Para evitarlos, con InDesign o cualquier otro programa de maquetación (así como incluso con Microsoft Word y la mayoría de editores de texto), puede definirse la manera en que se cortará esta última palabra de cada línea si no cabe. Por ejemplo estableciendo que deje un mínimo de letras arriba, o que no ponga demasiados guiones seguidos (algo que queda feo y se considera profesionalmente grave fallo de formateo). Todo ello se determina en las opciones de separación.

También se puede definir el espacio máximo -o mínimo- que puede haber entre palabras, antes de que se produzca el corte de la misma con guion y salto de línea (espacio entre palabras).

Es algo un poco complicado que mejor dejaremos sin tocar, siendo sobre todo necesario para textos en columnas muy estrechas como hemos visto, sobre todo en prensa y revistas. Ahí sí es muy necesario tener en cuenta dichas opciones, para que no haya líneas con excesivo espacio en blanco y muy pocas palabras, o por el contrario líneas muy apretadas o con excesivos guiones seguidos (todos los expertos coinciden en que no debe haber más de 2-3 líneas seguidas con guiones como mucho).

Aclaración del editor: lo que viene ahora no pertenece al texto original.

lemma signed_label_potential:
  assumes "\<And>u w. (u, w) \<in> E \<Longrightarrow> f (u, w) = g u - g w" and "adjacent E x y"
  shows "signed_label E f x y = g x - g y"
  using assms unfolding signed_label_def by auto

lemma cycle_value_diff:
  assumes "vs \<noteq> []"
  shows "cycle_value E p \<phi> vs - cycle_value E p \<psi> vs
           = walk_sum (signed_label E (\<lambda>e. \<phi> e - \<psi> e)) (vs @ [hd vs])"
  unfolding cycle_value_def walk_sum_closed_conv_sum[OF assms] sum_subtractf[symmetric]
  by (rule sum.cong) (auto simp: Let_def signed_label_def)

lemma cycle_value_eq_if_potential:
  assumes "is_cycle V E vs" and "\<And>u w. (u, w) \<in> E \<Longrightarrow> \<phi>' (u, w) - \<phi> (u, w) = g u - g w"
  shows "cycle_value E p \<phi>' vs = cycle_value E p \<phi> vs"
proof -
  have walk: "successively (adjacent E) (vs @ [hd vs])" and "vs \<noteq> []"
    using assms(1) unfolding is_cycle_iff_closed_walk by auto
  have "cycle_value E p \<phi>' vs - cycle_value E p \<phi> vs
          = walk_sum (signed_label E (\<lambda>e. \<phi>' e - \<phi> e)) (vs @ [hd vs])"
    using \<open>vs \<noteq> []\<close> by (rule cycle_value_diff)
  also have "\<dots> = g (hd (vs @ [hd vs])) - g (last (vs @ [hd vs]))"
    using walk by (intro walk_sum_telescope[of "adjacent E"] signed_label_potential assms(2)) auto
  also have "\<dots> = 0" using \<open>vs \<noteq> []\<close> by simp
  finally show ?thesis by simp
qed


lemma set_walk_subset:
  assumes "E \<subseteq> V \<times> V" and "successively (adjacent E) xs" and "2 \<le> length xs"
  shows "set xs \<subseteq> V"
  using assms(2,3)
proof (induction xs rule: induct_list012)
  case (3 x y zs)
  then show ?case using assms(1) by (cases zs) auto
qed auto

lemma successively_append_Cons_iff:
  "successively P (xs @ v # ys) \<longleftrightarrow> successively P (xs @ [v]) \<and> successively P (v # ys)"
  by (cases "xs = []") (auto simp: successively_append_iff)

lemma closed_walk_sum_eq_0:
  assumes og: "oriented_graph V E"
    and antisym: "\<And>x y. adjacent E x y \<Longrightarrow> d x y + d y x = 0"
    and cycles: "\<And>vs. is_cycle V E vs \<Longrightarrow> walk_sum d (vs @ [hd vs]) = 0"
  shows "successively (adjacent E) (cs @ [hd cs]) \<Longrightarrow> walk_sum d (cs @ [hd cs]) = 0"
proof (induction "length cs" arbitrary: cs rule: less_induct)
  case less
  show ?case
  proof (cases "distinct cs")
    case True
    consider "cs = []" | a where "cs = [a]" | a b where "cs = [a, b]" | "3 \<le> length cs"
      by (cases cs; cases "tl cs"; cases "tl (tl cs)") auto
    then show ?thesis
    proof cases
      case 2
      then show ?thesis using less.prems og unfolding oriented_graph_def by auto
    next
      case (3 a b)
      then show ?thesis using less.prems antisym[of a b] by simp
    next
      case 4
      moreover have "set cs \<subseteq> V"
        using set_walk_subset[OF _ less.prems] og 4 unfolding oriented_graph_def by auto
      ultimately show ?thesis
        using True less.prems by (intro cycles) (simp add: is_cycle_iff_closed_walk)
    qed simp
  next
    case False
    then obtain ys v zs us where cs: "cs = ys @ [v] @ zs @ [v] @ us"
      using not_distinct_decomp by blast
    define h where "h = hd cs"
    have walk: "successively (adjacent E) (ys @ v # zs @ v # us @ [h])"
      using less.prems cs unfolding h_def by simp
    have "successively (adjacent E) (ys @ [v])" and "successively (adjacent E) (v # zs @ [v])"
      and "successively (adjacent E) (v # us @ [h])"
      using walk successively_append_Cons_iff[of "adjacent E" ys v "zs @ v # us @ [h]"]
        successively_append_Cons_iff[of "adjacent E" "v # zs" v "us @ [h]"]
      by simp_all
    then have "successively (adjacent E) (v # zs @ [v])"
      and "successively (adjacent E) (ys @ v # us @ [h])"
      using successively_append_Cons_iff[of "adjacent E" ys v "us @ [h]"] by simp_all
    moreover have "hd (ys @ v # us) = h" using cs unfolding h_def by (cases ys) auto
    ultimately have "walk_sum d (v # zs @ [v]) = 0" and "walk_sum d (ys @ v # us @ [h]) = 0"
      using less.hyps[of "v # zs"] less.hyps[of "ys @ v # us"] cs by simp_all
    then show ?thesis using cs walk_sum_detour[of d ys v zs "us @ [h]"] unfolding h_def by simp
  qed
qed


lemma rtrancl_imp_walk:
  assumes "(u, v) \<in> R\<^sup>*"
  shows "\<exists>xs. xs \<noteq> [] \<and> hd xs = u \<and> last xs = v \<and> successively (\<lambda>x y. (x, y) \<in> R) xs"
  using assms
proof (induction rule: rtrancl_induct)
  case base
  show ?case by (intro exI[of _ "[u]"]) simp
next
  case (step y z)
  then obtain xs where "xs \<noteq> []" "hd xs = u" "last xs = y" "successively (\<lambda>x y. (x, y) \<in> R) xs"
    by blast
  then show ?case using step(2) by (intro exI[of _ "xs @ [z]"]) (auto simp: successively_append_iff)
qed

lemma potential_if_closed_walk_sums_eq_0:
  assumes EV: "E \<subseteq> V \<times> V" and conn: "connected_graph V E"
    and antisym: "\<And>x y. adjacent E x y \<Longrightarrow> d x y + d y x = 0"
    and closed: "\<And>cs. successively (adjacent E) (cs @ [hd cs]) \<Longrightarrow> walk_sum d (cs @ [hd cs]) = 0"
  shows "\<exists>F. \<forall>u w. (u, w) \<in> E \<longrightarrow> d u w = F u - F w"
proof (cases "V = {}")
  case True
  then show ?thesis using EV by auto
next
  case False
  then obtain r where r: "r \<in> V" by auto
  let ?walk = "\<lambda>v xs. xs \<noteq> [] \<and> hd xs = r \<and> last xs = v \<and> successively (adjacent E) xs"
  define P where "P v = (SOME xs. ?walk v xs)" for v
  have P: "?walk v (P v)" if "v \<in> V" for v
  proof -
    have "(r, v) \<in> (E \<union> E\<inverse>)\<^sup>*" using conn r that unfolding connected_graph_def by blast
    then show ?thesis unfolding P_def by (rule someI_ex[OF rtrancl_imp_walk])
  qed
  have "d u w = walk_sum d (P w) - walk_sum d (P u)" if uw: "(u, w) \<in> E" for u w
  proof -
    have Pu: "?walk u (P u)" and Pw: "?walk w (P w)" using uw EV P by auto
    define C where "C = P u @ rev (P w)"
    have walk_C: "successively (adjacent E) C"
      using Pu Pw uw unfolding C_def
      by (auto simp: successively_append_iff hd_rev elim: successively_mono)
    have "C = (P u @ butlast (rev (P w))) @ [hd (P u @ butlast (rev (P w)))]"
      using Pu Pw unfolding C_def by (cases "P w") auto
    then have "walk_sum d C = 0" using closed walk_C by metis
    moreover obtain rest where rest: "rev (P w) = w # rest"
      using Pw by (cases "rev (P w)") (auto simp flip: hd_rev)
    then have "walk_sum d C = walk_sum d (P u) + d u w + walk_sum d (rev (P w))"
      using Pu walk_sum_append[of d "P u" w rest] walk_sum_snoc[of "P u" d w] unfolding C_def
      by simp
    moreover have "walk_sum d (rev (P w)) = - walk_sum d (P w)"
      using antisym Pw by (intro walk_sum_rev[of "adjacent E"]) auto
    ultimately show ?thesis by simp
  qed
  then show ?thesis by (intro exI[of _ "\<lambda>v. - walk_sum d (P v)"]) auto
qed


definition cut_relabelling ::
  "'v set \<Rightarrow> ('v \<times> 'v) set \<Rightarrow> 'v set \<Rightarrow> int \<Rightarrow> ('v \<times> 'v \<Rightarrow> int) \<Rightarrow> 'v \<times> 'v \<Rightarrow> int" where
  "cut_relabelling V E X \<alpha> \<phi> e =
     (if e \<in> out_cut V E X then \<phi> e - \<alpha> else if e \<in> in_cut V E X then \<phi> e + \<alpha> else \<phi> e)"

lemma cut_relabel_step_iff:
  "cut_relabel_step V E p q \<phi> \<phi>' \<longleftrightarrow> pq_labelling V E p q \<phi> \<and>
     (\<exists>X \<alpha>. X \<noteq> {} \<and> X \<subset> V \<and> 1 \<le> \<alpha> \<and> \<alpha> \<le> p - 1 \<and>
        (\<forall>e\<in>out_cut V E X. q + \<alpha> \<le> \<phi> e) \<and> (\<forall>e\<in>in_cut V E X. \<phi> e \<le> p - q - \<alpha>) \<and>
        (\<forall>e\<in>E. \<phi>' e = cut_relabelling V E X \<alpha> \<phi> e))"
  unfolding cut_relabel_step_def cut_relabelling_def ..

lemma cut_relabelling_potential:
  assumes "E \<subseteq> V \<times> V" and "(u, w) \<in> E"
  shows "cut_relabelling V E X \<alpha> \<phi> (u, w) - \<phi> (u, w) = \<alpha> * of_bool (w \<in> X) - \<alpha> * of_bool (u \<in> X)"
  using assms unfolding cut_relabelling_def out_cut_def in_cut_def by auto

lemma cut_relabel_step_cycle_value:
  assumes "E \<subseteq> V \<times> V" and "cut_relabel_step V E p q \<phi> \<phi>'" and "is_cycle V E vs"
  shows "cycle_value E p \<phi>' vs = cycle_value E p \<phi> vs"
proof -
  obtain X \<alpha> where \<phi>': "\<forall>e\<in>E. \<phi>' e = cut_relabelling V E X \<alpha> \<phi> e"
    using assms(2) unfolding cut_relabel_step_iff by blast
  have "\<phi>' (u, w) - \<phi> (u, w) = - \<alpha> * of_bool (u \<in> X) - - \<alpha> * of_bool (w \<in> X)"
    if "(u, w) \<in> E" for u w
    using \<phi>' that cut_relabelling_potential[OF assms(1) that] by simp
  then show ?thesis by (rule cycle_value_eq_if_potential[OF assms(3)])
qed

lemma cut_reachable_cycle_value:
  assumes "E \<subseteq> V \<times> V" and "cut_reachable V E p q \<phi> \<psi>" and "is_cycle V E vs"
  shows "cycle_value E p \<phi> vs = cycle_value E p \<psi> vs"
proof -
  obtain \<chi> where steps: "(cut_relabel_step V E p q)\<^sup>*\<^sup>* \<phi> \<chi>" and "\<forall>e\<in>E. \<chi> e = \<psi> e"
    using assms(2) unfolding cut_reachable_def by blast
  then have "cycle_value E p \<psi> vs = cycle_value E p \<chi> vs"
    by (intro cycle_value_eq_if_potential[OF assms(3), of _ _ "\<lambda>_. 0"]) auto
  also have "\<dots> = cycle_value E p \<phi> vs"
    using steps by induction (simp_all add: cut_relabel_step_cycle_value[OF assms(1) _ assms(3)])
  finally show ?thesis by simp
qed

lemma pq_labelling_if_potential:
  assumes "pq_labelling V E p q \<psi>" and "q > 0" and "\<forall>e\<in>E. q \<le> \<phi> e \<and> \<phi> e \<le> p - q"
    and "\<And>u w. (u, w) \<in> E \<Longrightarrow> \<phi> (u, w) - \<psi> (u, w) = F u - F w"
  shows "pq_labelling V E p q \<phi>"
  unfolding pq_labelling_def
proof (intro conjI allI impI)
  fix vs assume "is_cycle V E vs"
  then have "cycle_value E p \<phi> vs = cycle_value E p \<psi> vs"
    using assms(4) by (rule cycle_value_eq_if_potential)
  then show "cycle_value E p \<phi> vs mod p = 0"
    using assms(1) \<open>is_cycle V E vs\<close> unfolding pq_labelling_def by simp
qed (use assms(2,3) in force)+


lemma cut_relabel_step_at_top_level:
  assumes EV: "E \<subseteq> V \<times> V" and "2 \<le> p" and "q > 0"
    and \<psi>: "pq_labelling V E p q \<psi>" and \<phi>: "pq_labelling V E p q \<phi>"
    and pot: "\<And>u w. (u, w) \<in> E \<Longrightarrow> \<phi> (u, w) - \<psi> (u, w) = F u - F w"
    and top: "\<forall>v\<in>V. F v \<le> M" and X: "X = {v \<in> V. F v = M}" "X \<noteq> {}" "X \<subset> V"
  shows "cut_relabel_step V E p q \<phi> (cut_relabelling V E X 1 \<phi>)"
    and "pq_labelling V E p q (cut_relabelling V E X 1 \<phi>)"
proof -
  have \<psi>_bounds: "\<forall>e\<in>E. q \<le> \<psi> e \<and> \<psi> e \<le> p - q" and \<phi>_bounds: "\<forall>e\<in>E. q \<le> \<phi> e \<and> \<phi> e \<le> p - q"
    using \<psi> \<phi> unfolding pq_labelling_def by auto
  have drop: "F w < F u" if "u \<in> X" "w \<in> V - X" for u w
    using that top X(1) by force
  have out: "\<forall>e\<in>out_cut V E X. q + 1 \<le> \<phi> e"
    using pot \<psi>_bounds drop unfolding out_cut_def by fastforce
  have into: "\<forall>e\<in>in_cut V E X. \<phi> e \<le> p - q - 1"
    using pot \<psi>_bounds drop unfolding in_cut_def by fastforce
  show "cut_relabel_step V E p q \<phi> (cut_relabelling V E X 1 \<phi>)"
    unfolding cut_relabel_step_iff using \<phi> X(2,3) \<open>2 \<le> p\<close> out into
    by (intro conjI exI[of _ X] exI[of _ 1]) auto
  have "\<forall>e\<in>E. q \<le> cut_relabelling V E X 1 \<phi> e \<and> cut_relabelling V E X 1 \<phi> e \<le> p - q"
    using \<phi>_bounds out into unfolding cut_relabelling_def by auto
  moreover have "cut_relabelling V E X 1 \<phi> (u, w) - \<psi> (u, w)
                   = (F u - of_bool (u \<in> X)) - (F w - of_bool (w \<in> X))" if "(u, w) \<in> E" for u w
    using pot[OF that] cut_relabelling_potential[OF EV that, of X 1 \<phi>] by simp
  ultimately show "pq_labelling V E p q (cut_relabelling V E X 1 \<phi>)"
    by (rule pq_labelling_if_potential[OF \<psi> \<open>q > 0\<close>])
qed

De igual forma, cortar palabras dejando pocas letras en la línea de arriba o de abajo (1 o 2 nada más) también está ampliamente considerado como algo “feo”, y un fallo de formateo. Es equiparable a dejar una línea viuda o huérfana (con muy pocas letras y por tanto muy vacías, así como sueltas y separadas de su párrafo, por estar éste en otra columna o página).

Uso correcto de las mayúsculas y versalitas (o small caps).

Seguimos con Typewolf respecto al adecuado uso de las small caps o versalitas en los textos. Todo lo que dice sobre este tema me parece excelente.

Ejemplos de versalitas, imagen de Wikipedia

Las versalitas son pequeñas letras mayúsculas, más o menos del tamaño de la altura X de las minúsculas. Dicha altura X es la que tienen las minúsculas sin el trazo ascendente o descendente. Por ejemplo: esto es small-caps.

Altura X de una letra, imagen de Wikipedia

Estas letras se leen mejor que las mayúsculas normales, fluyendo mejor con el resto del texto. ¿Cuándo usarlas?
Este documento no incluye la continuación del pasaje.